Saczynski et al ont observé que la dépression était associée à une augmentation du risque de démence de tous types dans une cohorte prospective de sujets âgés suivis pendant 17 ans (246). Les sujets dépressifs avaient une augmentation du risque de survenue de démence de plus de 50% par rapport aux sujets non dépressifs (Hazard Ratio = HR 1,72 [IC95% 1,04-2,84]). La prise d'un traitement antidépresseur ne diminuait pas le risque de survenue de démence et, comme dans l'étude précédente, plus le nombre de symptômes dépressifs était grand, plus le risque de survenue d'une démence était grand. Chen et al ont aussi étudié l'association entre dépression et démence dans deux cohortes de sujets âgés (en Chine et en Angleterre) (247). Les sujets étaient répartis dans différents groupes, de 0 à 4 selon la sévérité de la dépression, un niveau 3 correspondant à un épisode nécessitant une intervention thérapeutique. Seuls les sujets ayant les épisodes dépressifs les plus sévères, ce qui correspond dans cette étude au niveau 4, étaient à risque de développer une démence HR 5,05 [IC95% 1,56-16,3] à 1 an de suivi, HR 2,13 [IC95% 1,12-4,06] à 2 ans de suivi et HR 2,45 [IC95% 1,17-5,15] à 4 ans de suivi. De plus, le risque était plus grand chez les sujets les plus jeunes.
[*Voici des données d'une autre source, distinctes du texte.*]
lemma morton_eqD:
  assumes "\<forall>k<d. u k < 2^n" "\<forall>k<d. w k < 2^n" "morton d n u = morton d n w"
  shows "\<forall>k<d. u k = w k"
  using assms
proof (induction n arbitrary: u w)
  case (Suc n)
  have sum: "(\<Sum>k<d. u k mod 2 * 2^k) + 2^d * morton d n (\<lambda>k. u k div 2)
      = (\<Sum>k<d. w k mod 2 * 2^k) + 2^d * morton d n (\<lambda>k. w k div 2)"
    using Suc.prems(3) by simp
  have "(\<Sum>k<d. u k mod 2 * 2^k) = (\<Sum>k<d. w k mod 2 * 2^k)"
    using arg_cong[OF sum, of "\<lambda>x. x mod 2^d"] morton_digit_less[of _ d] by simp
  then have "\<forall>k<d. u k mod 2 = w k mod 2"
    by (intro sum_digits_eqD[where b = 2]) auto
  moreover have "morton d n (\<lambda>k. u k div 2) = morton d n (\<lambda>k. w k div 2)"
    using arg_cong[OF sum, of "\<lambda>x. x div 2^d"] morton_digit_less[of _ d] by simp
  then have "\<forall>k<d. u k div 2 = w k div 2"
    using Suc by (intro Suc.IH) (auto simp: less_mult_imp_div_less)
  ultimately show ?case
    by (metis div_mult_mod_eq)
qed simp

lemma morton_div_eq_iff:
  assumes "\<forall>k<d. u k < 2^n" "\<forall>k<d. w k < 2^n" "i \<le> n"
  shows "morton d n u div (2^d)^i = morton d n w div (2^d)^i \<longleftrightarrow> (\<forall>k<d. u k div 2^i = w k div 2^i)"
proof -
  have bound: "\<forall>k<d. v k div 2^i < 2^(n - i)" if "\<forall>k<d. v k < 2^n" for v :: "nat \<Rightarrow> nat"
  proof (intro allI impI)
    fix k
    assume "k < d"
    moreover have "(2::nat)^n = 2^(n - i) * 2^i"
      using assms(3) by (metis le_add_diff_inverse2 power_add)
    ultimately have "v k < 2^(n - i) * 2^i"
      using that by simp
    then show "v k div 2^i < 2^(n - i)"
      by (rule less_mult_imp_div_less)
  qed
  have "morton d n u div (2^d)^i = morton d n w div (2^d)^i
      \<longleftrightarrow> morton d (n - i) (\<lambda>k. u k div 2^i) = morton d (n - i) (\<lambda>k. w k div 2^i)"
    using assms(3) by (simp add: morton_div_pow)
  also have "\<dots> \<longleftrightarrow> (\<forall>k<d. u k div 2^i = w k div 2^i)"
    using morton_eqD[OF bound[OF assms(1)] bound[OF assms(2)]] morton_cong[of d "\<lambda>k. u k div 2^i" "\<lambda>k. w k div 2^i"]
    by blast
  finally show ?thesis .
qed

section \<open>Dyadic cubes\<close>

lemma floor_divide_pow2_mult:
  fixes x e :: real
  shows "\<lfloor>x / (2^i * e)\<rfloor> = \<lfloor>x / e\<rfloor> div 2^i"
proof -
  have "x / (2^i * e) = (x / e) / real_of_int (2^i)"
    by simp
  then show ?thesis
    by (metis floor_divide_real_eq_div zero_le_numeral zero_le_power)
qed

lemma abs_diff_less_if_floor_divide_eq:
  fixes a b e :: real
  assumes "e > 0" "\<lfloor>a / e\<rfloor> = \<lfloor>b / e\<rfloor>"
  shows "\<bar>a - b\<bar> < e"
proof -
  have "\<bar>a / e - b / e\<bar> < 1"
    using assms(2) floor_correct[of "a / e"] floor_correct[of "b / e"] by linarith
  then have "\<bar>a - b\<bar> / e < 1"
    using assms(1) by (simp add: diff_divide_distrib[symmetric] abs_divide)
  then show ?thesis
    using assms(1) by (simp add: divide_less_eq)
qed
4.2.1.2.2 Risque de survenue d'une démence selon le nombre d'épisodes dépressifs

Plusieurs études ont mis en évidence un effet cumulatif du nombre d'épisodes dépressifs ou de leur durée sur le risque d'apparition d'une démence.

Ainsi, une étude danoise ayant inclus 18 726 sujets hospitalisés pour épisode dépressif a analysé le taux de survenue d'une démence en fonction du nombre de réadmissions pour dépression (248). Le risque de survenue d'une démence augmentait de 13% par épisode dépressif dont la sévérité est suffisante pour nécessiter une hospitalisation. Dotson et al ont observé des résultats similaires puisque d'après leur étude chaque épisode dépressif était associé à une augmentation de 14% du risque de survenue de démence, quelle qu'en soit l'étiologie (249).

Plus récemment, Olazaran et al ont étudié l'effet cumulatif de la dépression sur la prévalence de la démence et de la maladie d'Alzheimer (250). Leurs analyses prenaient soin de discerner les sujets sans antécédent de dépression, ceux avec antécédent de dépression, ceux souffrant de dépression au moment de l'étude uniquement et ceux souffrant de dépression au moment de l'étude et ayant eu d'autres épisodes dans le passé. Dans cette étude, les facteurs de risque cardio-vasculaire étaient

pris en compte. Les résultats mettaient en évidence une augmentation du risque de démence et de maladie d'Alzheimer pour les groupes "dépression actuelle" (démence : OR 1,84 [IC95% 1,01-3,35], maladie d'Alzheimer : OR 1,98 [IC95% 0,98-3,99]) et "dépression actuelle avec antécédent d'épisode antérieur" (démence : OR 2,73 [IC95% 1,08-6,87], maladie d'Alzheimer : OR 3,98 [IC95% 1,48-10,71]), mais pas pour le groupe "antécédent de dépression". Ainsi, les auteurs ont conclu à l'existence d'un effet cumulé en fonction du temps passé avec des symptômes dépressifs sur le risque d'apparition d'une pathologie démentielle et notamment d'une maladie d'Alzheimer.